In August 2020, President Trump issued an
Executive Order finding that “the spread in the United States of
mobile applications developed and owned by companies in [China]
continues to threaten the national security, foreign policy, and
economy of the United States.” Exec. Order No. 13942, 3 CFR 412
(2021). President Trump determined that TikTok raised particular
concerns, noting that the platform “automatically captures vast
swaths of information from its users” and is susceptible to being
used to further the interests of the Chinese Government.
Ibid. The President invoked his authority under the
International Emergency Economic Powers Act (IEEPA), 50
U. S. C. §1701
et seq., and the National
Emergencies Act, 50 U. S. C. §1601
et seq.,
to prohibit certain “transactions” involving ByteDance Ltd. or its
subsidiaries, as identified by the Secretary of Commerce. 3 CFR
413. The Secretary published a list of prohibited transactions in
September 2020. See 85 Fed. Reg. 60061 (2020). But federal courts
enjoined the prohibitions before they took effect, finding that
they exceeded the Executive Branch’s authority under IEEPA. See
generally
TikTok Inc. v.
Trump, 507 F. Supp. 3d
92 (DC 2020);
Marland v.
Trump, 498 F. Supp. 3d
624 (ED Pa. 2020).
Just days after issuing his initial Executive
Order, President Trump ordered ByteDance Ltd. to divest all
interests and rights in any property “used to enable or support
ByteDance’s operation of the TikTok application in the United
States,” along with “any data obtained or derived from” U. S.
TikTok users. 85 Fed. Reg. 51297. ByteDance Ltd. and TikTok Inc.
filed suit in the D. C. Circuit, challenging the
constitutionality of the order. In February 2021, the D. C. Circuit
placed the case in abeyance to permit the Biden administration to
review the matter and to enable the parties to negotiate a
non-divestiture remedy that would address the Government’s national
security concerns. See Order in
TikTok Inc. v.
Committee
on Foreign Investment, No. 20–1444 (CADC, Feb. 19, 2021).
Throughout 2021 and 2022, ByteDance Ltd.
negotiated with Executive Branch officials to develop a national
security agreement that would resolve those concerns. Executive
Branch officials ultimately determined, however, that ByteDance
Ltd.’s proposed agreement did not adequately “mitigate the risks
posed to U. S. national security interests.” 2 App. 686.
Negotiations stalled, and the parties never finalized an
agreement.
2
Against this backdrop, Congress enacted the
Protecting Americans from Foreign Adversary Controlled Applications
Act. Pub. L. 118–50, div. H, 138 Stat. 955. The Act makes it
unlawful for any entity to provide certain services to “distribute,
maintain, or update” a “foreign adversary controlled application”
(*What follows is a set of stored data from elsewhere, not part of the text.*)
lemma abs_le_norm_scaleR_add_between:
  fixes x w :: "'a::real_normed_vector"
  assumes nx: "norm x = 1" and "0 \<le> \<epsilon>" "\<epsilon> < 1"
    and t1: "\<bar>t1\<bar> \<le> \<epsilon> * norm (t1 *\<^sub>R x + w)" and t2: "\<bar>t2\<bar> \<le> \<epsilon> * norm (t2 *\<^sub>R x + w)"
    and "t1 \<le> t" "t \<le> t2"
  shows "\<bar>t\<bar> \<le> \<epsilon> * norm (t *\<^sub>R x + w)"
proof -
  \<comment> \<open>Moving \<open>t\<close> away from \<open>0\<close> by \<open>d\<close> raises the norm by at most \<open>d\<close>, hence \<open>\<epsilon> * norm\<close> by less than \<open>d\<close>.\<close>
  have away: "\<bar>t\<bar> \<le> \<epsilon> * norm (t *\<^sub>R z + w)"
    if "norm z = 1" "0 \<le> t" "t \<le> t'" "\<bar>t'\<bar> \<le> \<epsilon> * norm (t' *\<^sub>R z + w)" for z t t'
  proof -
    have "t' \<le> \<epsilon> * (norm (t *\<^sub>R z + w) + (t' - t))"
      using that norm_scaleR_add_diff[of z t' w t] mult_left_mono[OF _ \<open>0 \<le> \<epsilon>\<close>] by fastforce
    moreover have "\<epsilon> * (t' - t) \<le> t' - t"
      using mult_right_mono[of \<epsilon> 1 "t' - t"] that \<open>\<epsilon> < 1\<close> by simp
    ultimately show ?thesis
      using that by (simp add: algebra_simps)
  qed
  show ?thesis
  proof (cases "0 \<le> t")
    case True
    then show ?thesis
      using away[OF nx True \<open>t \<le> t2\<close> t2] by simp
  next
    case False
    have "\<bar>- t1\<bar> \<le> \<epsilon> * norm ((- t1) *\<^sub>R (- x) + w)"
      using t1 by simp
    then show ?thesis
      using away[of "- x" "- t" "- t1"] nx False \<open>t1 \<le> t\<close> by simp
  qed
qed
(* In the setting of the context (with assumptions (A.1)–(A.3)), let $\{(u_k,v_k)\}$, $\{(z_k,w_k)\}$, $\{\gamma_k\}$, $\{\rho_k\}$ be generated by the Projective Method of Multipliers (PMM), and define for $k\ge1$ $$x_k=z_{k-1}+\lambda w_{k-1}+\lambda(Cv_k-d),\quad b_k=d-Cv_k,\quad y_k=x_k-\lambda(w_{k-1}-Mu_k),\quad a_k=-Mu_k.$$ Then for every iteration $k\ge1$ that reaches step 3: (i) $b_k\in\partial h_2(x_k)$ and $\lambda b_k+x_k=z_{k-1}+\lambda w_{k-1}$; (ii) $a_k\in\partial h_1(y_k)$ and $\lambda a_k+y_k=(1-\alpha)z_{k-1}+\alpha x_k-\lambda w_{k-1}$ with $\alpha=1$; (iii) $\gamma_k=\dfrac{\langle z_{k-1}-x_k,b_k-w_{k-1}\rangle+\langle z_{k-1}-y_k,a_k+w_{k-1}\rangle}{\|a_k+b_k\|^2+\|x_k-y_k\|^2}$; (iv) $z_k=z_{k-1}-\rho_k\gamma_k(a_k+b_k)$ and $w_k=w_{k-1}-\rho_k\gamma_k(x_k-y_k)$. That is, the PMM is the instance of the Eckstein–Svaiter projective splitting recursion applied to $\partial h_1,\partial h_2$ with parameters $\lambda_k=\mu_k=\lambda$ and $\alpha_k=1$ (which satisfy $\mu_k/\lambda_k-(\alpha_k/2)^2>0$).
   Context: Let $f:\mathbb{R}^{m_1}\to(-\infty,\infty]$, $g:\mathbb{R}^{m_2}\to(-\infty,\infty]$ be proper closed convex, $M:\mathbb{R}^{m_1}\to\mathbb{R}^n$, $C:\mathbb{R}^{m_2}\to\mathbb{R}^n$ linear, $d\in\mathbb{R}^n$; consider $\min\{f(u)+g(v):Mu+Cv=d\}$ with Lagrangian $L(u,v,z)=f(u)+g(v)+\langle Mu+Cv-d,z\rangle$. A saddle point is $(u^*,v^*,z^* )$ with $L(u^*,v^*,z^* )$ finite and $\min_{(u,v)}L(u,v,z^* )=L(u^*,v^*,z^* )=\max_zL(u^*,v^*,z)$. Let $h_1(z)=f^*(-M^*z)$, $h_2(z)=g^*(-C^*z)+\langle d,z\rangle$ ($^*$ on functions = Fenchel conjugate, on operators = adjoint). Standing assumptions: (A.1) $L$ has a saddle point; (A.2) $\mathrm{ri}(\mathrm{dom} f^* )\cap\mathrm{range}(M^* )\ne\emptyset$; (A.3) $\mathrm{ri}(\mathrm{dom} g^* )\cap\mathrm{range}(C^* )\ne\emptyset$. PMM: given $(z_0,w_0)\in\mathbb{R}^n\times\mathbb{R}^n$, $\lambda>0$, $\bar\rho\in[0,1)$, for $k=1,2,\dots$: (1) let $v_k$ be a minimizer of $g(v)+\langle z_{k-1}+\lambda w_{k-1},Cv-d\rangle+\frac\lambda2\|Cv-d\|^2$ and $u_k$ a minimizer of $f(u)+\langle z_{k-1}+\lambda(Cv_k-d),Mu\rangle+\frac\lambda2\|Mu\|^2$; (2) if $\|Mu_k+Cv_k-d\|+\|Mu_k-w_{k-1}\|=0$ stop; otherwise set $\gamma_k=\dfrac{\lambda\|Cv_k-d+w_{k-1}\|^2+\lambda\langle d-Cv_k-Mu_k,w_{k-1}-Mu_k\rangle}{\|Mu_k+Cv_k-d\|^2+\lambda^2\|Mu_k-w_{k-1}\|^2}$; (3) choose $\rho_k\in[1-\bar\rho,1+\bar\rho]$ and set $z_k=z_{k-1}+\rho_k\gamma_k(Mu_k+Cv_k-d)$, $w_k=w_{k-1}-\rho_k\gamma_k\lambda(w_{k-1}-Mu_k)$. *)

theory Defs
  imports "HOL-Analysis.Analysis" "HOL-Library.Extended_Real"
begin

text \<open>Extended-real-valued functions f :: 'a => ereal model maps into (-inf, +inf].\<close>

definition epigraph :: "('a::real_normed_vector \<Rightarrow> ereal) \<Rightarrow> ('a \<times> real) set" where
  "epigraph f = {(x, t). f x \<le> ereal t}"

definition effdom :: "('a \<Rightarrow> ereal) \<Rightarrow> 'a set" where
  "effdom f = {x. f x < \<infinity>}"

definition proper_fun :: "('a \<Rightarrow> ereal) \<Rightarrow> bool" where
  "proper_fun f \<longleftrightarrow> (\<forall>x. f x \<noteq> -\<infinity>) \<and> (\<exists>x. f x < \<infinity>)"

definition proper_closed_convex :: "('a::real_normed_vector \<Rightarrow> ereal) \<Rightarrow> bool" where
  "proper_closed_convex f \<longleftrightarrow> proper_fun f \<and> convex (epigraph f) \<and> closed (epigraph f)"

definition fconj :: "('a::real_inner \<Rightarrow> ereal) \<Rightarrow> 'a \<Rightarrow> ereal" where
  "fconj f y = (SUP x. ereal (inner x y) - f x)"

definition subdiff :: "('a::real_inner \<Rightarrow> ereal) \<Rightarrow> 'a \<Rightarrow> 'a set" where
  "subdiff h x = {s. \<bar>h x\<bar> \<noteq> \<infinity> \<and> (\<forall>y. h x + ereal (inner s (y - x)) \<le> h y)}"

definition lagrangian ::
  "('a \<Rightarrow> ereal) \<Rightarrow> ('b \<Rightarrow> ereal) \<Rightarrow> ('a \<Rightarrow> 'c::real_inner) \<Rightarrow> ('b \<Rightarrow> 'c) \<Rightarrow> 'c
     \<Rightarrow> 'a \<Rightarrow> 'b \<Rightarrow> 'c \<Rightarrow> ereal" where
  "lagrangian f g M C d u v z = f u + g v + ereal (inner (M u + C v - d) z)"

definition is_saddle_point ::
  "('a \<Rightarrow> ereal) \<Rightarrow> ('b \<Rightarrow> ereal) \<Rightarrow> ('a \<Rightarrow> 'c::real_inner) \<Rightarrow> ('b \<Rightarrow> 'c) \<Rightarrow> 'c
     \<Rightarrow> 'a \<Rightarrow> 'b \<Rightarrow> 'c \<Rightarrow> bool" where
  "is_saddle_point f g M C d us vs zs \<longleftrightarrow>
     \<bar>lagrangian f g M C d us vs zs\<bar> \<noteq> \<infinity> \<and>
     (INF p. lagrangian f g M C d (fst p) (snd p) zs) = lagrangian f g M C d us vs zs \<and>
     lagrangian f g M C d us vs zs = (SUP z. lagrangian f g M C d us vs z)"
in the United States. §2(a)(1). Entities that violate this
prohibition are subject to civil enforcement actions and hefty
monetary penalties. See §§2(d)(1)(A), (d)(2)(B).
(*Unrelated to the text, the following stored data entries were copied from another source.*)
theorem lemma2p5:
  fixes \<alpha> :: real
  assumes "\<alpha> > 0" and "is_distance (d_alpha \<alpha>)"
  shows "\<exists>\<theta>1. 0 < \<theta>1 \<and> \<theta>1 < pi / 8 \<and>
    (\<forall>\<theta>. 0 < \<theta> \<and> \<theta> < \<theta>1 \<longrightarrow>
      (\<forall>p q. zc q \<le> 0 \<and> zc p \<le> 0 \<and> rho q \<le> rho p \<and>
             p \<in> cone \<theta> \<and> q \<in> cone \<theta> \<and>
             q \<notin> hball \<alpha> p (rr \<alpha> p) \<and> p \<notin> hball \<alpha> q (rr \<alpha> q)
         \<longrightarrow> zc q < 2 * zc p \<and> rho q < rho p * cos (2 * \<theta>)))"
proof -
  define \<theta>1 where "\<theta>1 = min (pi / 16) (arctan (1 / (8 * (\<alpha> + 1))))"
  have "0 < \<theta>1" using assms(1) by (simp add: \<theta>1_def)
  moreover have "\<theta>1 \<le> pi / 16" by (simp add: \<theta>1_def)
  moreover have "zc q < 2 * zc p \<and> rho q < rho p * cos (2 * \<theta>)"
    if \<theta>: "0 < \<theta>" "\<theta> < \<theta>1" and z: "zc q \<le> 0" "zc p \<le> 0" and rqp: "rho q \<le> rho p"
      and cone: "p \<in> cone \<theta>" "q \<in> cone \<theta>"
      and far: "q \<notin> hball \<alpha> p (rr \<alpha> p)" "p \<notin> hball \<alpha> q (rr \<alpha> q)" for \<theta> p q
  proof -
    have T: "0 < tan \<theta>" "8 * tan \<theta> * (\<alpha> + 1) \<le> 1" "\<theta> < pi / 2"
      using small_angle_tan[OF assms(1) \<theta>(1)] \<theta>(2) by (auto simp: \<theta>1_def)
    note p = cone_coords[OF cone(1) T(1)] and q = cone_coords[OF cone(2) T(1)]
    have zsep: "zc q < 2 * zc p"
      using z_separation[OF assms(1) T(1,2) p q z(2,1) rqp far(1)] .
    have "rho q < (1 - 2 * (tan \<theta>)^2) * rho p"
      using rho_separation[OF assms(1) T(1,2) p q z(2) zsep rqp far(2)] .
    also have "\<dots> \<le> cos (2 * \<theta>) * rho p"
      using one_minus_tan_sq_le_cos_double[of \<theta>] \<theta>(1) T(3)
      by (intro mult_right_mono) (auto simp: rho_def)
    finally show ?thesis using zsep by (simp add: mult.commute)
  qed
  ultimately show ?thesis using pi_gt_zero by (intro exI[of _ \<theta>1]) auto
qed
The Act provides two means by which an
application may be designated a “foreign adversary controlled
application.” First, the Act expressly designates any application
that is “operated, directly or indirectly,” by “ByteDance Ltd.” or
“TikTok,” or any subsidiary or successor thereof. §2(g)(3)(A).
Second, the Act establishes a general designation framework for any
application that is both (1) operated by a “covered company” that
is “controlled by a foreign adversary,” and (2) “determined by the
President to present a significant threat to the national security
of the United States,” following a public notice and reporting
process. §2(g)(3)(B). In broad terms, the Act defines “covered
company” to include a company that operates an application that
enables users to generate, share, and view content and has more
than 1,000,000 monthly active users. §2(g)(2)(A). The Act excludes
from that definition a company that operates an application “whose
primary purpose is to allow users to post product reviews, business
reviews, or travel information and reviews.” §2(g)(2)(B).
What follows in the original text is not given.